Für BIM werden neue Kompetenzen benötigt, aber baufachliche Kompetenzen bleiben die unverzichtbare Grundlage. Spezielle BIM-Kompetenz bedeutet: Wissen über den Umgang mit Daten und deren elektronische Verarbeitung, Befähigung zum Umgang mit der jeweils entsprechenden Software und zur Bedienung der Endgräte. Das gilt auch für die Baustelle und die Facharbeiter. BIM wird Bestandteil jeder Bauausbildung sein müssen.
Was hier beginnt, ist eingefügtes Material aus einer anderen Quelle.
(* Let $A$ be a $d$-dimensional polystochastic matrix of order $4$. Suppose that for some tuple $\mathcal{E}\in\{1,2,3\}^d$ and some $y\in\{0,1\}^d$ the subcube $C_y$ of the partition defined by $\mathcal{E}$ satisfies $w(C_y)=0$ or $w(C_y)=2^{d-1}$. Then every line of $A$ contains at most two nonzero entries.
   Context: $A=(a_\alpha)_{\alpha\in\{0,1,2,3\}^d}$; a line is the set of indices obtained by fixing all coordinates but one; $A$ is polystochastic if it is nonnegative and every line sums to $1$. Define $p_1,p_2,p_3:\{0,1,2,3\}\to\{0,1\}$ by $p_1(0)=p_1(1)=0$, $p_1(2)=p_1(3)=1$; $p_2(0)=p_2(2)=0$, $p_2(1)=p_2(3)=1$; $p_3(0)=p_3(3)=0$, $p_3(1)=p_3(2)=1$. For $\mathcal{E}=(\varepsilon_1,\dots,\varepsilon_d)\in\{1,2,3\}^d$ and $y\in\{0,1\}^d$, the subcube $C_y$ is the submatrix of $A$ on the index set $\{\alpha: p_{\varepsilon_i}(\alpha_i)=y_i \text{ for all } i\}$ (a $d$-dimensional submatrix of order $2$). The weight $w(C)$ of a nonnegative matrix $C$ is the sum of its entries. *)

theory Defs
  imports Complex_Main
begin

text \<open>Multi-indices alpha in {0,1,2,3}^d, represented as functions nat => nat
  with alpha i < 4 for i < d and alpha i = 0 for i >= d (canonical padding).\<close>
definition idx :: "nat \<Rightarrow> (nat \<Rightarrow> nat) set" where
  "idx d = {\<alpha>. (\<forall>i<d. \<alpha> i < 4) \<and> (\<forall>i\<ge>d. \<alpha> i = 0)}"

definition line :: "nat \<Rightarrow> (nat \<Rightarrow> nat) \<Rightarrow> (nat \<Rightarrow> nat) set" where
  "line i \<alpha> = (\<lambda>k. \<alpha>(i := k)) ` {..<4}"

definition polystochastic :: "nat \<Rightarrow> ((nat \<Rightarrow> nat) \<Rightarrow> real) \<Rightarrow> bool" where
  "polystochastic d A \<longleftrightarrow>
     (\<forall>\<alpha>\<in>idx d. A \<alpha> \<ge> 0) \<and>
     (\<forall>i<d. \<forall>\<alpha>\<in>idx d. (\<Sum>\<beta>\<in>line i \<alpha>. A \<beta>) = 1)"

fun p :: "nat \<Rightarrow> nat \<Rightarrow> nat" where
  "p (Suc 0) x = (if x = 2 \<or> x = 3 then 1 else 0)"
| "p (Suc (Suc 0)) x = (if x = 1 \<or> x = 3 then 1 else 0)"
| "p (Suc (Suc (Suc 0))) x = (if x = 1 \<or> x = 2 then 1 else 0)"
| "p _ x = 0"

definition subcube :: "nat \<Rightarrow> (nat \<Rightarrow> nat) \<Rightarrow> (nat \<Rightarrow> nat) \<Rightarrow> (nat \<Rightarrow> nat) set" where
  "subcube d E y = {\<alpha>\<in>idx d. \<forall>i<d. p (E i) (\<alpha> i) = y i}"

definition weight :: "((nat \<Rightarrow> nat) \<Rightarrow> real) \<Rightarrow> (nat \<Rightarrow> nat) set \<Rightarrow> real" where
  "weight A S = (\<Sum>\<alpha>\<in>S. A \<alpha>)"

end

theory Submission
  imports Defs "HOL-Library.FuncSet"
begin

text \<open>Two subcubes whose labels differ only in coordinate \<open>i\<close> together consist of
  exactly \<open>2^(d-1)\<close> complete lines in direction \<open>i\<close>, so their weights add up to
  \<open>2^(d-1)\<close>. Flipping labels one coordinate at a time, the weights of all subcubes lie in
  \<open>{0, 2^(d-1)}\<close> as soon as one does. A line in direction \<open>i\<close> meets exactly two such
  adjacent subcubes, in two entries each, and one of them then has weight \<open>0\<close>; by
  nonnegativity the line vanishes there.\<close>

definition padded_Pi :: "'a set \<Rightarrow> ('a \<Rightarrow> 'b set) \<Rightarrow> ('a \<Rightarrow> 'b::zero) set" where
  "padded_Pi I S = {\<gamma>. (\<forall>j\<in>I. \<gamma> j \<in> S j) \<and> (\<forall>j. j \<notin> I \<longrightarrow> \<gamma> j = 0)}"

lemma bij_betw_restrict_padded_Pi: "bij_betw (\<lambda>\<gamma>. restrict \<gamma> I) (padded_Pi I S) (Pi\<^sub>E I S)"
  by (rule bij_betw_byWitness[where f' = "\<lambda>f j. if j \<in> I then f j else 0"])
    (auto simp: padded_Pi_def PiE_def extensional_def)

lemma finite_padded_Pi: "finite I \<Longrightarrow> (\<And>j. j \<in> I \<Longrightarrow> finite (S j)) \<Longrightarrow> finite (padded_Pi I S)"
  using bij_betw_finite[OF bij_betw_restrict_padded_Pi] finite_PiE by blast

lemma card_padded_Pi: "finite I \<Longrightarrow> card (padded_Pi I S) = (\<Prod>j\<in>I. card (S j))"
  using bij_betw_same_card[OF bij_betw_restrict_padded_Pi] card_PiE by metis

lemma idx_eq_padded_Pi: "idx d = padded_Pi {..<d} (\<lambda>_. {..<4})"
  by (auto simp: idx_def padded_Pi_def)

lemma finite_idx: "finite (idx d)"
  by (simp add: idx_eq_padded_Pi finite_padded_Pi)

lemma finite_subcube: "finite (subcube d E y)"
  using finite_idx by (rule rev_finite_subset) (auto simp: subcube_def)

lemma subcube_cong: "(\<And>j. j < d \<Longrightarrow> y j = y' j) \<Longrightarrow> subcube d E y = subcube d E y'"
  by (simp add: subcube_def)

lemma p_range: "p e a \<in> {0, 1}"
  by (cases "(e, a)" rule: p.cases) auto

lemma p_eq: "p e a = (if e = 1 then of_bool (a = 2 \<or> a = 3) else if e = 2 then of_bool (a = 1 \<or> a = 3)
    else if e = 3 then of_bool (a = 1 \<or> a = 2) else 0)"
  by (cases "(e, a)" rule: p.cases) (auto simp: numeral_2_eq_2 numeral_3_eq_3)

lemma card_p_fibre:
  assumes "e \<in> {1, 2, 3}" "b \<in> {0, 1}"
  shows "card {a. a < 4 \<and> p e a = b} = 2"
proof -
  have "{a. a < 4 \<and> p e a = b} = set (filter (\<lambda>a. p e a = b) [0..<4])" by auto
  moreover have "[0..<4] = [0, 1, 2, 3 :: nat]" by (simp add: upt_rec)
  moreover have "length (filter (\<lambda>a. p e a = b) [0, 1, 2, 3]) = 2"
    using assms by (auto simp: p_eq)
  ultimately show ?thesis by (simp add: distinct_card del: upt_Suc)
qed

lemma weight_Union_lines:
  assumes P: "polystochastic d A" and i: "i < d" and G: "G \<subseteq> idx d" "\<forall>\<gamma>\<in>G. \<gamma> i = 0"
  shows "weight A (\<Union>\<gamma>\<in>G. line i \<gamma>) = card G"
proof -
  have "finite G" using G(1) finite_idx by (rule finite_subset)
  moreover have "line i \<gamma> \<inter> line i \<gamma>' = {}" if "\<gamma> \<in> G" "\<gamma>' \<in> G" "\<gamma> \<noteq> \<gamma>'" for \<gamma> \<gamma>'
  proof -
    have "\<gamma>(i := k) \<noteq> \<gamma>'(i := k')" for k k'
      using that G(2) by (metis fun_upd_triv fun_upd_upd)
    then show ?thesis by (auto simp: line_def)
  qed
  ultimately have "weight A (\<Union>\<gamma>\<in>G. line i \<gamma>) = (\<Sum>\<gamma>\<in>G. \<Sum>\<beta>\<in>line i \<gamma>. A \<beta>)"
    unfolding weight_def by (intro sum.UNION_disjoint) (auto simp: line_def)
  also have "\<dots> = (\<Sum>\<gamma>\<in>G. 1)"
    using P i G(1) by (intro sum.cong) (auto simp: polystochastic_def)
  finally show ?thesis by simp
qed

lemma subcube_pair_eq_Union_lines:
  fixes E :: "nat \<Rightarrow> nat"
  assumes i: "i < d" and y: "y i \<in> {0, 1}"
  defines "G \<equiv> padded_Pi ({..<d} - {i}) (\<lambda>j. {a. a < 4 \<and> p (E j) a = y j})"
  shows "subcube d E y \<union> subcube d E (y(i := 1 - y i)) = (\<Union>\<gamma>\<in>G. line i \<gamma>)"
proof (intro equalityI subsetI)
  fix \<beta> assume "\<beta> \<in> subcube d E y \<union> subcube d E (y(i := 1 - y i))"
  then have "\<beta> \<in> idx d" "\<beta>(i := 0) \<in> G"
    using i by (auto simp: G_def padded_Pi_def subcube_def idx_def)
  moreover have "\<beta> \<in> line i (\<beta>(i := 0))" if "\<beta> \<in> idx d"
    using that i by (auto simp: line_def idx_def intro: rev_image_eqI[of "\<beta> i"])
  ultimately show "\<beta> \<in> (\<Union>\<gamma>\<in>G. line i \<gamma>)" by blast
next
  fix \<beta> assume "\<beta> \<in> (\<Union>\<gamma>\<in>G. line i \<gamma>)"
  then obtain \<gamma> k where "\<gamma> \<in> G" "k < 4" and \<beta>: "\<beta> = \<gamma>(i := k)"
    by (auto simp: line_def)
  then have "\<beta> \<in> idx d" "\<forall>j<d. j \<noteq> i \<longrightarrow> p (E j) (\<beta> j) = y j"
    using i by (auto simp: G_def padded_Pi_def idx_def)
  moreover have "p (E i) (\<beta> i) = y i \<or> p (E i) (\<beta> i) = 1 - y i"
    using y p_range[of "E i" "\<beta> i"] by auto
  ultimately show "\<beta> \<in> subcube d E y \<union> subcube d E (y(i := 1 - y i))"
    by (auto simp: subcube_def)
qed

lemma weight_adjacent_subcubes:
  assumes P: "polystochastic d A" and E: "\<forall>j<d. E j \<in> {1, 2, 3}"
    and y: "\<forall>j<d. y j \<in> {0, 1}" and i: "i < d"
  shows "weight A (subcube d E y) + weight A (subcube d E (y(i := 1 - y i))) = 2 ^ (d - 1)"
proof -
  define G where "G = padded_Pi ({..<d} - {i}) (\<lambda>j. {a. a < 4 \<and> p (E j) a = y j})"
  have "card G = (\<Prod>j\<in>{..<d} - {i}. 2)"
    unfolding G_def using E y by (simp add: card_padded_Pi card_p_fibre)
  also have "\<dots> = 2 ^ (d - 1)" using i by simp
  finally have card_G: "card G = 2 ^ (d - 1)" .
  have G: "G \<subseteq> idx d" "\<forall>\<gamma>\<in>G. \<gamma> i = 0"
    by (fastforce simp: G_def padded_Pi_def idx_def)+
  have "subcube d E y \<inter> subcube d E (y(i := 1 - y i)) = {}"
    using y i by (auto simp: subcube_def)
  then have "weight A (subcube d E y) + weight A (subcube d E (y(i := 1 - y i)))
      = weight A (subcube d E y \<union> subcube d E (y(i := 1 - y i)))"
    unfolding weight_def by (simp add: sum.union_disjoint finite_subcube)
  also have "\<dots> = card G"
    using subcube_pair_eq_Union_lines[OF i, of y E] y i weight_Union_lines[OF P i G]
    by (simp add: G_def)
  finally show ?thesis by (simp add: card_G)
qed

lemma weight_subcube_extreme_propagates:
  assumes P: "polystochastic d A" and E: "\<forall>j<d. E j \<in> {1, 2, 3}"
    and y: "\<forall>j<d. y j \<in> {0, 1}" and extreme: "weight A (subcube d E y) \<in> {0, 2 ^ (d - 1)}"
    and y': "\<forall>j<d. y' j \<in> {0, 1}"
  shows "weight A (subcube d E y') \<in> {0, 2 ^ (d - 1)}"
proof -
  have "weight A (subcube d E y') \<in> {0, 2 ^ (d - 1)}"
    if "finite K" "\<forall>j<d. y' j \<in> {0, 1}" "\<forall>j<d. j \<notin> K \<longrightarrow> y' j = y j" for K y'
    using that
  proof (induction K arbitrary: y' rule: finite_induct)
    case empty
    then show ?case using extreme subcube_cong[of d y' y] by simp
  next
    case (insert k K)
    show ?case
    proof (cases "k < d \<and> y' k \<noteq> y k")
      case True
      let ?y'' = "y'(k := 1 - y' k)"
      have y'': "\<forall>j<d. ?y'' j \<in> {0, 1}" using insert.prems(1) by auto
      have "?y'' k = y k"
        using True insert.prems(1)[rule_format, of k] y[rule_format, of k] by auto
      then have "weight A (subcube d E ?y'') \<in> {0, 2 ^ (d - 1)}"
        using insert.prems by (intro insert.IH) auto
      moreover have "?y''(k := 1 - ?y'' k) = y'"
        using True insert.prems(1)[rule_format, of k] by auto
      with weight_adjacent_subcubes[OF P E y''] True
      have "weight A (subcube d E ?y'') + weight A (subcube d E y') = 2 ^ (d - 1)"
        by metis
      ultimately show ?thesis by auto
    next
      case False
      then show ?thesis using insert by auto
    qed
  qed
  from this[of "{j. j < d}"] y' show ?thesis by simp
qed

lemma weight_subcube_zero_imp_vanish:
  assumes "polystochastic d A" "weight A (subcube d E y) = 0" "\<beta> \<in> subcube d E y"
  shows "A \<beta> = 0"
proof -
  have "\<forall>\<beta>\<in>subcube d E y. 0 \<le> A \<beta>"
    using assms(1) by (auto simp: polystochastic_def subcube_def)
  then show ?thesis
    using assms(2,3) by (simp add: weight_def sum_nonneg_eq_0_iff finite_subcube)
qed

lemma card_line_support_le_two:
  assumes P: "polystochastic d A" and E: "\<forall>j<d. E j \<in> {1, 2, 3}"
    and \<alpha>: "\<alpha> \<in> idx d" and i: "i < d" and b: "b \<in> {0, 1}"
    and zero: "weight A (subcube d E ((\<lambda>j. p (E j) (\<alpha> j))(i := b))) = 0"
  shows "card {\<beta>\<in>line i \<alpha>. A \<beta> \<noteq> 0} \<le> 2"
proof -
  let ?M = "{k. k < 4 \<and> p (E i) k = 1 - b}"
  have "\<alpha>(i := k) \<in> subcube d E ((\<lambda>j. p (E j) (\<alpha> j))(i := b))" if "k < 4" "p (E i) k = b" for k
    using \<alpha> i that by (auto simp: subcube_def idx_def)
  then have "A (\<alpha>(i := k)) = 0" if "k < 4" "p (E i) k \<noteq> 1 - b" for k
    using that b p_range[of "E i" k] weight_subcube_zero_imp_vanish[OF P zero] by auto
  then have "{\<beta>\<in>line i \<alpha>. A \<beta> \<noteq> 0} \<subseteq> (\<lambda>k. \<alpha>(i := k)) ` ?M"
    by (auto simp: line_def)
  then have "card {\<beta>\<in>line i \<alpha>. A \<beta> \<noteq> 0} \<le> card ((\<lambda>k. \<alpha>(i := k)) ` ?M)"
    by (intro card_mono) auto
  also have "\<dots> \<le> card ?M"
    by (rule card_image_le) simp
  also have "card ?M = 2" using E i b by (intro card_p_fibre) auto
  finally show ?thesis .
qed

theorem mainTheorem6:
  fixes d :: nat and A :: "(nat \<Rightarrow> nat) \<Rightarrow> real" and E y :: "nat \<Rightarrow> nat"
  assumes "polystochastic d A"
    and "\<forall>i<d. E i \<in> {1, 2, 3}"
    and "\<forall>i<d. y i \<in> {0, 1}"
    and "weight A (subcube d E y) = 0 \<or> weight A (subcube d E y) = 2 ^ (d - 1)"
  shows "\<forall>i<d. \<forall>\<alpha>\<in>idx d. card {\<beta>\<in>line i \<alpha>. A \<beta> \<noteq> 0} \<le> 2"
proof (intro allI impI ballI)
  fix i \<alpha> assume i: "i < d" and \<alpha>: "\<alpha> \<in> idx d"
  define z where "z b = (\<lambda>j. p (E j) (\<alpha> j))(i := b)" for b
  have z: "\<forall>j<d. z b j \<in> {0, 1}" if "b \<in> {0, 1}" for b
    using that p_range by (simp add: z_def)
  have extreme: "weight A (subcube d E (z b)) \<in> {0, 2 ^ (d - 1)}" if "b \<in> {0, 1}" for b
    using weight_subcube_extreme_propagates[OF assms(1-3) _ z[OF that]] assms(4) by auto
  have "(z 0)(i := 1 - z 0 i) = z 1" by (simp add: z_def)
  then have "weight A (subcube d E (z 0)) + weight A (subcube d E (z 1)) = 2 ^ (d - 1)"
    using weight_adjacent_subcubes[OF assms(1,2) z i, of 0] by simp
  then obtain b where "b \<in> {0, 1}" "weight A (subcube d E (z b)) = 0"
    using extreme[of 0] extreme[of 1] by force
  then show "card {\<beta>\<in>line i \<alpha>. A \<beta> \<noteq> 0} \<le> 2"
    using card_line_support_le_two[OF assms(1,2) \<alpha> i] by (simp add: z_def)
qed

end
Der jetzt notwendige Kompetenzaufbau für BIM muss im Rahmen der Weiterbildung erfolgen.

Schließlich: BIM ist ein Kooperationstool. Neu ist aber nicht, dass Kooperation gefordert wird, sondern dass diese Forderung eingehalten werden muss, weil das Modell sonst nicht funktioniert.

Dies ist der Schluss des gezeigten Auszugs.